* _WHAT IS NEEDED_: Scan the data below for the string "beta". Show every line where it turns up.

------------------------

definition closed_OR :: "('f \<times> 'f) set \<Rightarrow> ('f \<Rightarrow> 'f \<Rightarrow> 'f) \<Rightarrow> bool" where
  "closed_OR N d \<longleftrightarrow> (\<forall>\<alpha> \<beta> \<phi>. (\<alpha>, \<phi>) \<in> N \<and> (\<beta>, \<phi>) \<in> N \<longrightarrow> (d \<alpha> \<beta>, \<phi>) \<in> N)"

definition closed_CT :: "('f \<times> 'f) set \<Rightarrow> ('f \<Rightarrow> 'f \<Rightarrow> 'f) \<Rightarrow> bool" where
  "closed_CT N c \<longleftrightarrow> (\<forall>\<alpha> \<phi> \<psi>. (\<alpha>, \<phi>) \<in> N \<and> (c \<alpha> \<phi>, \<psi>) \<in> N \<longrightarrow> (\<alpha>, \<psi>) \<in> N)"

definition closed_top_d :: "('f \<times> 'f) set \<Rightarrow> 'f \<Rightarrow> 'f \<Rightarrow> bool" where
  "closed_top_d R t b \<longleftrightarrow> (t, b) \<in> R"

definition closed_bot_d :: "('f \<times> 'f) set \<Rightarrow> 'f \<Rightarrow> 'f \<Rightarrow> bool" where
  "closed_bot_d R b t \<longleftrightarrow> (b, t) \<in> R"

definition closed_SI_d :: "('f set \<Rightarrow> 'f \<Rightarrow> bool) \<Rightarrow> ('f \<times> 'f) set \<Rightarrow> bool" where
  "closed_SI_d vd R \<longleftrightarrow> (\<forall>\<alpha> \<beta> \<phi>. (\<beta>, \<phi>) \<in> R \<and> vd {\<alpha>} \<beta> \<longrightarrow> (\<alpha>, \<phi>) \<in> R)"

definition closed_WO_d :: "('f set \<Rightarrow> 'f \<Rightarrow> bool) \<Rightarrow> ('f \<times> 'f) set \<Rightarrow> bool" where
  "closed_WO_d vd R \<longleftrightarrow> (\<forall>\<alpha> \<phi> \<psi>. (\<alpha>, \<psi>) \<in> R \<and> vd {\<phi>} \<psi> \<longrightarrow> (\<alpha>, \<phi>) \<in> R)"

definition closed_AND_d :: "('f \<times> 'f) set \<Rightarrow> ('f \<Rightarrow> 'f \<Rightarrow> 'f) \<Rightarrow> bool" where
  "closed_AND_d R d \<longleftrightarrow> (\<forall>\<alpha> \<phi> \<psi>. (\<alpha>, \<phi>) \<in> R \<and> (\<alpha>, \<psi>) \<in> R \<longrightarrow> (\<alpha>, d \<phi> \<psi>) \<in> R)"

------------------------

* _OUTPUT OF THE TASK_:
  "closed_OR N d \<longleftrightarrow> (\<forall>\<alpha> \<beta> \<phi>. (\<alpha>, \<phi>) \<in> N \<and> (\<beta>, \<phi>) \<in> N \<longrightarrow> (d \<alpha> \<beta>, \<phi>) \<in> N)"
  "closed_SI_d vd R \<longleftrightarrow> (\<forall>\<alpha> \<beta> \<phi>. (\<beta>, \<phi>) \<in> R \<and> vd {\<alpha>} \<beta> \<longrightarrow> (\<alpha>, \<phi>) \<in> R)"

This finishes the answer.